*** Records for the exercise Section Begins ***

lemma extend_balanced_across_edge:
  assumes "simple_graph W E" and "\<forall>v\<in>W. card (neighbours W E v) \<le> 2" and "E x y"
    and "X' \<subseteq> W - {x, y}" and "balanced (W - {x, y}) X'"
  shows "\<exists>X\<subseteq>W. balanced W X \<and> card (inner_edges E X)
           \<le> card (inner_edges (induced E (W - {x, y})) X') + card (neighbours W E y - {x})"
proof -
  let ?I = "inner_edges (induced E (W - {x, y})) X'" and ?N = "neighbours W E y - {x}"
  obtain z where z: "z \<in> {x, y}" "\<And>q. E x q \<Longrightarrow> x \<in> insert z X' \<longleftrightarrow> q \<notin> insert z X'"
    using exists_insert_cutting_edges_at[OF assms(1-4)] by blast
  have "finite ?I"
    by (rule finite_inner_edges[OF simple_graph_induced[OF assms(1), of "W - {x, y}"]]) blast
  moreover have "finite ?N" using finite_neighbours[OF assms(1)] by blast
  ultimately have "card (inner_edges E (insert z X')) \<le> card (?I \<union> (\<lambda>q. {y, q}) ` ?N)"
    using inner_edges_insert_subset[OF assms(1,4) z] by (intro card_mono) auto
  also have "\<dots> \<le> card ?I + card ((\<lambda>q. {y, q}) ` ?N)" by (rule card_Un_le)
  also have "\<dots> \<le> card ?I + card ?N" using card_image_le[OF \<open>finite ?N\<close>] by simp
  finally have "card (inner_edges E (insert z X')) \<le> card ?I + card ?N" .
  moreover have "x \<in> W" "y \<in> W" "x \<noteq> y"
    using simple_graphD[OF assms(1)] assms(3) by blast+
  then have "balanced W (insert z X')" "insert z X' \<subseteq> W"
    using balanced_insert_pair[OF simple_graphD(1)[OF assms(1)] _ _ _ z(1) assms(4,5)] z(1) assms(4)
    by auto
  ultimately show ?thesis by blast
qed

lemma max_degree_two_cases:
  assumes "simple_graph W E" and "\<forall>v\<in>W. card (neighbours W E v) \<le> 2"
  obtains (empty) "W = {}"
    | (isolated) u where "u \<in> W" and "neighbours W E u = {}"
    | (leaf) x y where "E x y" and "neighbours W E y = {x}"
    | (regular) x y where "E x y" and "\<forall>v\<in>W. card (neighbours W E v) = 2"
proof -
  have edge: "E x y" if "x \<in> neighbours W E y" for x y
    using that simple_graphD(2)[OF assms(1), of y x] unfolding neighbours_def by blast
  have "card (neighbours W E v) = 2"
    if "v \<in> W" "neighbours W E v \<noteq> {}" "card (neighbours W E v) \<noteq> 1" for v
  proof -
    have "card (neighbours W E v) \<noteq> 0"
      using that(2) card_0_eq[OF finite_neighbours[OF assms(1)]] by blast
    then show ?thesis using that(1,3) assms(2) by fastforce
  qed
  then consider "W = {}" | "\<exists>u\<in>W. neighbours W E u = {}" | "\<exists>y\<in>W. card (neighbours W E y) = 1"
    | "W \<noteq> {}" "\<forall>v\<in>W. card (neighbours W E v) = 2"
    by blast
  then show ?thesis
  proof cases
    case 3
    then obtain x y where "neighbours W E y = {x}" by (metis card_1_singletonE)
    then show ?thesis using leaf edge by blast
  next
    case 4
    then obtain y where "y \<in> W" by blast
    then obtain x where "x \<in> neighbours W E y" using 4 by fastforce
    then show ?thesis using regular edge 4 by blast
  qed (use empty isolated in blast)+
qed

lemma low_degree_after_removing_edge:
  assumes "simple_graph W E" and "\<forall>v\<in>W. card (neighbours W E v) = 2" and "E x y"
  shows "\<exists>v\<in>W - {x, y}. card (neighbours (W - {x, y}) (induced E (W - {x, y})) v) < 2"
proof -
  note sym = simple_graphD(2)[OF assms(1)] and irr = simple_graphD(3)[OF assms(1)]
    and in_W = simple_graphD(4,5)[OF assms(1)]
  have "x \<in> neighbours W E y" using sym[OF assms(3)] in_W(1)[OF assms(3)] by (simp add: neighbours_def)
  then have "card (neighbours W E y - {x}) = 1"
    using assms(2) in_W(2)[OF assms(3)] by (simp add: card_Diff_singleton)
  then obtain w where w: "neighbours W E y - {x} = {w}" by (rule card_1_singletonE)
  then have "E y w" "w \<noteq> x" "w \<in> W" by (auto simp: neighbours_def)
  then have "w \<in> W - {x, y}" and "y \<in> neighbours W E w"
    using irr[of y] sym[of y w] in_W(2)[OF assms(3)] by (auto simp: neighbours_def)
  moreover from this have "card (neighbours W E w - {y}) = 1"
    using assms(2) by (simp add: card_Diff_singleton)
  moreover have "neighbours (W - {x, y}) (induced E (W - {x, y})) w \<subseteq> neighbours W E w - {y}"
    by (auto simp: neighbours_def induced_def)
  ultimately have "card (neighbours (W - {x, y}) (induced E (W - {x, y})) w) \<le> 1"
    by (metis card_mono finite_Diff finite_neighbours[OF assms(1)])
  then show ?thesis using \<open>w \<in> W - {x, y}\<close> by (intro bexI[of _ w]) auto
qed

lemma exists_balanced_with_few_inner_edges:
  assumes "simple_graph W E" and "\<forall>v\<in>W. card (neighbours W E v) \<le> 2"
  shows "\<exists>X\<subseteq>W. balanced W X \<and>
    3 * card (inner_edges E X) + of_bool (\<exists>v\<in>W. card (neighbours W E v) < 2) \<le> card W"
  using assms
proof (induction "card W" arbitrary: W E rule: less_induct)
  case less
  note graph = less.prems(1) and degree = less.prems(2)
  have "finite W" by (rule simple_graphD(1)[OF graph])
  have IH: "\<exists>X\<subseteq>S. balanced S X \<and> 3 * card (inner_edges (induced E S) X)
      + of_bool (\<exists>v\<in>S. card (neighbours S (induced E S) v) < 2) \<le> card S" if "S \<subset> W" for S
  proof -
    have "S \<subseteq> W" using that by blast
    then have "\<forall>v\<in>S. card (neighbours S (induced E S) v) \<le> 2"
      using card_neighbours_induced_le[OF graph] degree by (meson order_trans subsetD)
    then show ?thesis
      using less.hyps[OF psubset_card_mono[OF \<open>finite W\<close> that] simple_graph_induced[OF graph]]
        \<open>S \<subseteq> W\<close> by blast
  qed
  from graph degree show ?case
  proof (cases rule: max_degree_two_cases)
    case empty
    then have "inner_edges E {} = {}"
      using simple_graphD(4)[OF graph] unfolding inner_edges_def by blast
    then show ?thesis using empty by (simp add: balanced_def)
  next
    case (isolated u)
    have "W - {u} \<subset> W" using isolated(1) by blast
    from IH[OF this] obtain X' where X': "X' \<subseteq> W - {u}" "balanced (W - {u}) X'"
        "3 * card (inner_edges E X') \<le> card (W - {u})"
      unfolding induced_remove_isolated[OF graph isolated(2)] by (blast dest: add_leD1)
    obtain X where "X \<subseteq> W" "balanced W X" "inner_edges E X = inner_edges E X'"
      using extend_balanced_by_isolated[OF graph isolated X'(1,2)] by blast
    moreover have "card (W - {u}) + 1 = card W"
      using card_Suc_Diff1[OF \<open>finite W\<close> isolated(1)] by simp
    ultimately show ?thesis using X'(3) by (intro exI[of _ X]) auto
  next
    case (leaf x y)
    have "W - {x, y} \<subset> W" using simple_graphD(4)[OF graph leaf(1)] by blast
    from IH[OF this] obtain X' where X': "X' \<subseteq> W - {x, y}" "balanced (W - {x, y}) X'"
        "3 * card (inner_edges (induced E (W - {x, y})) X') \<le> card (W - {x, y})"
      by (blast dest: add_leD1)
    obtain X where "X \<subseteq> W" "balanced W X"
        "card (inner_edges E X) \<le> card (inner_edges (induced E (W - {x, y})) X')"
      using extend_balanced_across_edge[OF graph degree leaf(1) X'(1,2)] leaf(2) by auto
    then show ?thesis using X'(3) card_Diff_edge[OF graph leaf(1)] by (intro exI[of _ X]) auto
  next
    case (regular x y)
    have "W - {x, y} \<subset> W" using simple_graphD(4)[OF graph regular(1)] by blast
    from IH[OF this] obtain X' where X': "X' \<subseteq> W - {x, y}" "balanced (W - {x, y}) X'"
        "3 * card (inner_edges (induced E (W - {x, y})) X') + 1 \<le> card (W - {x, y})"
      using low_degree_after_removing_edge[OF graph regular(2,1)] by auto
    have "x \<in> neighbours W E y" "y \<in> W"
      using simple_graphD(2,4,5)[OF graph] regular(1) unfolding neighbours_def by blast+
    then have "card (neighbours W E y - {x}) = 1"
      using regular(2) by (simp add: card_Diff_singleton)
    then obtain X where "X \<subseteq> W" "balanced W X"
        "card (inner_edges E X) \<le> card (inner_edges (induced E (W - {x, y})) X') + 1"
      using extend_balanced_across_edge[OF graph degree regular(1) X'(1,2)] by auto
    then show ?thesis using X'(3) regular(2) card_Diff_edge[OF graph regular(1)] by (intro exI[of _ X]) auto
  qed
qed
(* Let $(\mathcal{G},S)$ be an instance of \textsc{Temporally Disjoint Walks} where $\mathcal{G}$ is a temporal line, and let $\mathcal{S}$ be a solution that minimizes the sum of the lengths of its walks among all solutions. Let $W\in\mathcal{S}$ be a temporal $(s,z)$-walk. Then at most $2|S|$ pairs of transitions of the form $(a,b,t),(b,a,t')$ with $t<t'$ are consecutive in $W$.
   Context: A temporal graph $\mathcal{G}=(V,E_1,\ldots,E_T)$ has vertex set $V$ and edge sets $E_1,\ldots,E_T\subseteq\binom{V}{2}$; it is a temporal line if its underlying graph $(V,\bigcup_i E_i)$ is a path. A temporal $(s,z)$-walk of length $k$ from $s=v_0$ to $z=v_k$ is a sequence of transitions $((v_{i-1},v_i,t_i))_{i=1}^k$ with $\{v_{i-1},v_i\}\in E_{t_i}$ and $t_1<\cdots<t_k$. It occupies $v_i$ during $[t_i,t_{i+1}]$ for $i\in[k-1]$, $v_0$ during $[t_1,t_1]$ and $v_k$ during $[t_k,t_k]$. Two temporal walks are temporally disjoint unless some vertex is occupied by both during intersecting time intervals. \textsc{Temporally Disjoint Walks} asks, given $\mathcal{G}$ and a multiset $S\subseteq V\times V$ of source-sink pairs, for pairwise temporally disjoint temporal $(s_i,z_i)$-walks, one for each $(s_i,z_i)\in S$; a solution $\mathcal{S}$ is such a family, and $|S|$ is the number of source-sink pairs. *)

theory Defs
  imports Main "HOL-Library.Multiset"
begin
(* Let $(P,\le,A_1\ldots A_k)$ be a regular poset of width $w$, let $N$ be an active node with characteristics $(u,s)$, and let $M$ be a problematic node that is a child of a node of $Q(N)$, with characteristics $(u',s')$. Let $(u'',s'')$ be any characteristics. Then the set $\mathcal{F}$ of all first problematic nodes in $D(M)$ with characteristics $(u'',s'')$ contains at most $(u')^2\le w^2$ nodes.
   Context: Let $(P,\le)$ be a finite poset of width $w$. For $A\subseteq P$ let $A{\uparrow}=\{y: x\le y\text{ for some }x\in A\}$, $A{\downarrow}=\{y: y\le x\text{ for some }x\in A\}$. For maximal antichains $A,B$ write $A\sqsubseteq B$ if $A\subseteq B{\downarrow}$, and $A\sqsubset B$ if also $A\ne B$. For disjoint antichains $A\sqsubset B$, $(A,B,<)$ is the bipartite graph with classes $A,B$ and edges $(a<b)$ for $a\in A,b\in B$, $a<b$; it is regular if every edge lies in a perfect matching. A regular poset $(P,\le,A_1\ldots A_k)$: $A_1,\dots,A_k$ are maximum antichains partitioning $P$, $(\{A_1,\dots,A_k\},\sqsubseteq)$ is a linear order with minimum $A_1$ and maximum $A_2$, $a<b$ for all $a\in A_1,b\in A_2$, and for every $t\in[2,k]$ and every $A_p\sqsubset A_s$ consecutive in $(\{A_1,\dots,A_t\},\sqsubseteq)$ the graph $(A_p,A_s,<)$ is regular. A node is a bipartite graph $N=(X,Y,<)$ where, for some such consecutive pair $A_p\sqsubset A_s$ (at some stage $t$), $X\subseteq A_p$, $Y\subseteq A_s$ and $X\cup Y$ is the vertex set of a connected component of $(A_p,A_s,<)$. Its width is $|X|=|Y|$, $\mathrm{Int}(N)=X{\uparrow}\cap Y{\downarrow}$, and its surplus is the largest $k$ such that $|A{\uparrow}\cap Y|\ge\min\{|A|+k,|Y|\}$ for all non-empty $A\subseteq X$ ($\infty$ if $N$ is complete bipartite); its characteristics is the pair (width, surplus). Node tree: the set of all nodes, where when for $t\ge3$ the antichain $A_t$ is inserted between $A_p\sqsubset A_s$ consecutive at stage $t-1$, each node $M$ of $(A_p,A_t,<)$ or $(A_t,A_s,<)$ is a child of the unique node $N$ of $(A_p,A_s,<)$ with $\mathrm{Int}(M)\subset\mathrm{Int}(N)$; it is a rooted tree with root $(A_1,A_2,<)$. A Dilworth clique of width $m$ in a node $(X,Y,<)$ is a set $\{x_1,\dots,x_m,y_1,\dots,y_m\}$ with $x_i\in X$, $y_i\in Y$, $x_i<y_j$ for all $i,j\in[m]$, such that the edges $x_1<y_1,\dots,x_m<y_m$ extend to a perfect matching of $(X,Y,<)$. A node is active if it contains a Dilworth clique of width $\lceil\sqrt{w}\rceil$ and no proper ancestor of it has the same characteristics. For an active node $N$ with characteristics $(u,s)$, $D(N)$ is the set of all non-active nodes $K$ such that $N$ is the first active node on the path from $K$ to the root, and $Q(N)$ consists of $N$ together with all nodes of $D(N)$ with characteristics $(u,s)$. A node is problematic if its width is at least $\lfloor\sqrt{w}\rfloor+1$ and it contains no Dilworth clique of width $\lceil\sqrt{w}\rceil$. For the node $M$, $D(M)$ denotes the set consisting of $M$ and all its descendants in the node tree. A node $K\in D(M)$ is a first problematic node in $D(M)$ if $K$ is problematic and it is the first problematic node with characteristics equal to those of $K$ on the path from $M$ to $K$ (in particular $M$ itself is a first problematic node in $D(M)$). *)

theory Defs
  imports Complex_Main "HOL-Library.Extended_Nat"
begin
(* Let $u$ be a word, let $s$ be a nonempty factor of $u$, and let $w$ be the shortest element of $\mathrm{Nodes}(u)$ such that $s$ is a prefix of $w$. Then $s$ is a seed of $u$ if and only if $|s|\ge\Delta(w)$ and $s$ is a border seed of $u$.
   Context: For a factor $v$ of $u$, $\mathrm{Occ}(v,u)$ is the set of starting positions of occurrences of $v$ in $u$, $\mathit{first}(v)=\min\mathrm{Occ}(v,u)$, $\mathit{last}(v)=\max\mathrm{Occ}(v,u)$. For a finite set $X$ of integers, $\mathrm{maxgap}(X)$ is the maximum of $b-a$ over consecutive elements $a<b$ of $X$, or $0$ if $|X|\le1$; $\mathrm{maxgap}(v)=\mathrm{maxgap}(\mathrm{Occ}(v,u))$. $\mathrm{Nodes}(u)$ is the set of factors of $u$ corresponding to explicit nodes of the suffix tree of $u$ (the root, the branching nodes and the leaves). For $w\in\mathrm{Nodes}(u)$, $\Delta(w)=\max\{\mathrm{maxgap}(x): x \text{ a prefix of } w\}$. A word $s$ covers $y$ if every position of $y$ lies in some occurrence of $s$ in $y$. A seed of $u$ is a factor $s$ of $u$ such that $u$ is a factor of some word covered by $s$. Writing $u=w_1w_2w_3$ with $w_2=u[\mathit{first}(s)..\mathit{last}(s)+|s|-1]$, $s$ is a border seed of $u$ if $s$ is a seed of $w_1\,s\,w_3$. *)

theory Defs
  imports "HOL-Library.Sublist"
begin

text \<open>Words are lists; positions are 0-based. Factor = contiguous sublist.\<close>

definition Occ :: "'a list \<Rightarrow> 'a list \<Rightarrow> nat set" where
  "Occ v u = {i. i + length v \<le> length u \<and> take (length v) (drop i u) = v}"

definition first_occ :: "'a list \<Rightarrow> 'a list \<Rightarrow> nat" where
  "first_occ v u = Min (Occ v u)"

definition last_occ :: "'a list \<Rightarrow> 'a list \<Rightarrow> nat" where
  "last_occ v u = Max (Occ v u)"

definition maxgap_set :: "nat set \<Rightarrow> nat" where
  "maxgap_set X = (if card X \<le> 1 then 0 else
     Max {b - a | a b. a \<in> X \<and> b \<in> X \<and> a < b \<and> \<not> (\<exists>c\<in>X. a < c \<and> c < b)})"

definition maxgap :: "'a list \<Rightarrow> 'a list \<Rightarrow> nat" where
  "maxgap v u = maxgap_set (Occ v u)"

text \<open>Explicit nodes of the suffix tree of u: the root (empty word), and the
  factors with a number of distinct right extensions different from one
  (branching nodes: at least two; leaves: none).\<close>
definition Nodes :: "'a list \<Rightarrow> 'a list set" where
  "Nodes u = {[]} \<union> {v. sublist v u \<and> card {a. sublist (v @ [a]) u} \<noteq> 1}"

definition Delta :: "'a list \<Rightarrow> 'a list \<Rightarrow> nat" where
  "Delta w u = Max {maxgap x u | x. prefix x w}"

definition covers :: "'a list \<Rightarrow> 'a list \<Rightarrow> bool" where
  "covers s y = (\<forall>i < length y. \<exists>j \<in> Occ s y. j \<le> i \<and> i < j + length s)"
(* Let D^J_inf(P0, P1) = ln l be finite and positive, and let M0, M1 be the largest likelihood
   ratios P0/P1 and P1/P0, so that l = M0 M1. Then P1 = f + g and M1 P0 = l f + g with f, g >= 0,
   and by linearity the outputs are proportional to l a + b and a + b, where a = f W and b = g W.
   As D^J_inf ignores rescaling, D^J_inf(Q0, Q1) is the log of max_y / min_y of
   (l a(y) + b(y)) / (a(y) + b(y)), an increasing function of a(y) / b(y).
   The pair with weights (l r, 1) and (r, 1) on two points x1, x2 has divergence ln l, and its
   outputs have the same shape with a = r W(x1, .) and b = W(x2, .). Expanding
   a(y1) b(y2) - a(y2) b(y1) over pairs (x, x') in supp f x supp g, a mediant argument yields
   x1, x2 whose cross ratio at the extremal outputs y1, y2 dominates that of (a, b); a second
   mediant then fixes r so that both extremal ratios move outwards. *)

lemma Dinf_neq_minf: "Dinf P Q \<noteq> -\<infinity>"
  unfolding Dinf_def by simp

lemma Dinf_eq_infinity_iff: "Dinf P Q = \<infinity> \<longleftrightarrow> (\<exists>x. 0 < P x \<and> Q x = 0)"
  unfolding Dinf_def by simp

lemma Dinf_ge:
  assumes "0 < P y" "0 < Q y"
  shows "ereal (ln (P y / Q y)) \<le> Dinf P Q"
proof (cases "\<exists>x. 0 < P x \<and> Q x = 0")
  case False
  have "P y / Q y \<le> Max {P x / Q x | x. 0 < P x}"
    using assms(1) by (intro Max_ge) auto
  moreover have "0 < P y / Q y"
    using assms by simp
  ultimately show ?thesis
    using False unfolding Dinf_def by simp
qed (simp add: Dinf_def)

lemma Dinf_attained:
  assumes supp: "\<And>x. 0 < P x \<Longrightarrow> 0 < Q x" and "0 < P z"
  obtains y where "0 < P y" "0 < Q y" "Dinf P Q = ereal (ln (P y / Q y))"
    "\<And>x. 0 < P x \<Longrightarrow> P x / Q x \<le> P y / Q y"
proof -
  let ?R = "{P x / Q x | x. 0 < P x}"
  have fin: "finite ?R"
    by simp
  have "?R \<noteq> {}"
    using assms(2) by blast
  with fin have "Max ?R \<in> ?R"
    by (rule Max_in)
  then obtain y where y: "0 < P y" "Max ?R = P y / Q y"
    by blast
  have le: "P x / Q x \<le> P y / Q y" if "0 < P x" for x
    unfolding y(2)[symmetric] using fin that by (intro Max_ge) blast+
  have "\<not> (\<exists>x. 0 < P x \<and> Q x = 0)"
    using supp by (metis less_irrefl)
  then have "Dinf P Q = ereal (ln (P y / Q y))"
    unfolding Dinf_def y(2) by simp
  from y(1) supp[OF y(1)] this le show thesis
    by (rule that)
qed

lemma Dinf_finite_bound:
  assumes "\<And>x. 0 \<le> Q x" "0 < P z" "Dinf P Q \<noteq> \<infinity>"
  obtains M where "0 < M" "Dinf P Q = ereal (ln M)" "\<And>x. P x \<le> M * Q x"
proof -
  have supp: "0 < Q x" if "0 < P x" for x
    using assms(1,3) that unfolding Dinf_eq_infinity_iff by (metis less_eq_real_def)
  obtain y where y: "0 < P y" "0 < Q y" "Dinf P Q = ereal (ln (P y / Q y))"
    "\<And>x. 0 < P x \<Longrightarrow> P x / Q x \<le> P y / Q y"
    using Dinf_attained[of P Q z] supp assms(2) by blast
  have "P x \<le> P y / Q y * Q x" for x
  proof (cases "0 < P x")
    case True
    then show ?thesis using y(4)[OF True] supp[OF True] by (simp add: divide_le_eq)
  next
    case False
    have "0 \<le> P y / Q y * Q x"
      using y(1,2) assms(1)[of x] by simp
    then show ?thesis using False by linarith
  qed
  with y show thesis
    by (intro that[of "P y / Q y"]) auto
qed

lemma Dinf_scale:
  assumes "0 < c" "0 < d" "\<And>x. 0 \<le> Q x" "0 < P z"
  shows "Dinf (\<lambda>x. c * P x) (\<lambda>x. d * Q x) = Dinf P Q + ereal (ln c - ln d)"
proof (cases "\<exists>x. 0 < P x \<and> Q x = 0")
  case False
  let ?R = "{P x / Q x | x. 0 < P x}"
  have fin: "finite ?R" "?R \<noteq> {}"
    using assms(4) by auto
  have "0 < P z / Q z"
    using False assms(3)[of z] assms(4) by (simp add: less_eq_real_def)
  moreover have "P z / Q z \<le> Max ?R"
    using fin(1) assms(4) by (intro Max_ge) auto
  ultimately have pos: "0 < Max ?R"
    by linarith
  have "\<And>x. 0 < c * P x \<longleftrightarrow> 0 < P x"
    using assms(1) by (simp add: zero_less_mult_iff)
  then have "{c * P x / (d * Q x) | x. 0 < c * P x} = {c / d * (P x / Q x) | x. 0 < P x}"
    by simp
  also have "\<dots> = (\<lambda>t. c / d * t) ` ?R"
    by blast
  finally have R: "{c * P x / (d * Q x) | x. 0 < c * P x} = (\<lambda>t. c / d * t) ` ?R" .
  have "mono (\<lambda>t. c / d * t)"
    using assms(1,2) by (intro monoI mult_left_mono) simp_all
  then have "c / d * Max ?R = Max ((\<lambda>t. c / d * t) ` ?R)"
    using fin by (rule mono_Max_commute)
  moreover have "ln (c / d * Max ?R) = ln (Max ?R) + (ln c - ln d)"
    using pos assms(1,2) by (simp add: ln_mult ln_div)
  ultimately show ?thesis
    using False assms(1,2) unfolding Dinf_def R by (simp add: zero_less_mult_iff)
next
  case True
  then obtain x where "0 < P x" "Q x = 0"
    by blast
  then have "0 < c * P x" "d * Q x = 0"
    using assms(1) by simp_all
  with True show ?thesis
    unfolding Dinf_def by auto
qed

lemma DJinf_scale:
  assumes "0 < c" "0 < d" "\<And>x. 0 \<le> P x" "\<And>x. 0 \<le> Q x" "0 < P z" "0 < Q z'"
  shows "DJinf (\<lambda>x. c * P x) (\<lambda>x. d * Q x) = DJinf P Q"
proof -
  have "DJinf (\<lambda>x. c * P x) (\<lambda>x. d * Q x)
      = Dinf P Q + ereal (ln c - ln d) + (Dinf Q P + ereal (ln d - ln c))"
    unfolding DJinf_def using assms by (simp add: Dinf_scale)
  also have "\<dots> = DJinf P Q"
    unfolding DJinf_def by (simp add: ac_simps)
  finally show ?thesis .
qed
(* Every independent set of size $14$ in $C_{5,14}^{\boxtimes 3}$ is Lee equivalent to $\{t\cdot(1,3,9): t\in\mathbb Z_{14}\}\subseteq\mathbb Z_{14}^3$ (arithmetic modulo $14$); in particular, up to Lee equivalence there is a unique independent set of size $14$ in $C_{5,14}^{\boxtimes 3}$.
   Context: For positive integers $q,d$ with $q\ge 2d$, the circular graph $C_{d,q}$ has vertex set $\mathbb Z_q$, two distinct vertices $x,y$ being adjacent iff $\min\{|x-y|,q-|x-y|\}<d$ (viewing $x,y$ as integers in $\{0,\dots,q-1\}$). For a graph $G=(V,E)$, $G^{\boxtimes n}$ has vertex set $V^n$, distinct $(u_i)$, $(v_i)$ adjacent iff for every $i$ either $u_i=v_i$ or $u_iv_i\in E$. An independent set is a set of pairwise non-adjacent vertices. Let $D_q$ be the dihedral group of order $2q$ acting on $\mathbb Z_q$ by $x\mapsto\pm x+c$ ($c\in\mathbb Z_q$); $D_q^n\rtimes S_n$ acts on $\mathbb Z_q^n$ by acting with $D_q$ in each coordinate separately and permuting coordinates. Sets $C,D\subseteq\mathbb Z_q^n$ are Lee equivalent if $g\cdot C=D$ for some $g\in D_q^n\rtimes S_n$. *)

theory Defs
  imports Main "HOL-Combinatorics.Permutations"
begin

text \<open>Elements of Z_q are represented by integers in {0..<q}; vertices of
  the n-fold strong power are integer lists of length n with entries in {0..<q}.\<close>

definition circ_adj :: "nat \<Rightarrow> nat \<Rightarrow> int \<Rightarrow> int \<Rightarrow> bool" where
  "circ_adj d q x y \<longleftrightarrow> x \<noteq> y \<and> min \<bar>x - y\<bar> (int q - \<bar>x - y\<bar>) < int d"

*** Records for the exercise Section Ends ***

● Work instructions: Only the lines above starting with the one with "(rule simple_graphD(1)[OF graph])" and going through the one with "isolated(1) by blast" are to be copied, word for word and with both ends kept.

● Output for this exercise:
  have "finite W" by (rule simple_graphD(1)[OF graph])
  have IH: "\<exists>X\<subseteq>S. balanced S X \<and> 3 * card (inner_edges (induced E S) X)
      + of_bool (\<exists>v\<in>S. card (neighbours S (induced E S) v) < 2) \<le> card S" if "S \<subset> W" for S
  proof -
    have "S \<subseteq> W" using that by blast
    then have "\<forall>v\<in>S. card (neighbours S (induced E S) v) \<le> 2"
      using card_neighbours_induced_le[OF graph] degree by (meson order_trans subsetD)
    then show ?thesis
      using less.hyps[OF psubset_card_mono[OF \<open>finite W\<close> that] simple_graph_induced[OF graph]]
        \<open>S \<subseteq> W\<close> by blast
  qed
  from graph degree show ?case
  proof (cases rule: max_degree_two_cases)
    case empty
    then have "inner_edges E {} = {}"
      using simple_graphD(4)[OF graph] unfolding inner_edges_def by blast
    then show ?thesis using empty by (simp add: balanced_def)
  next
    case (isolated u)
    have "W - {u} \<subset> W" using isolated(1) by blast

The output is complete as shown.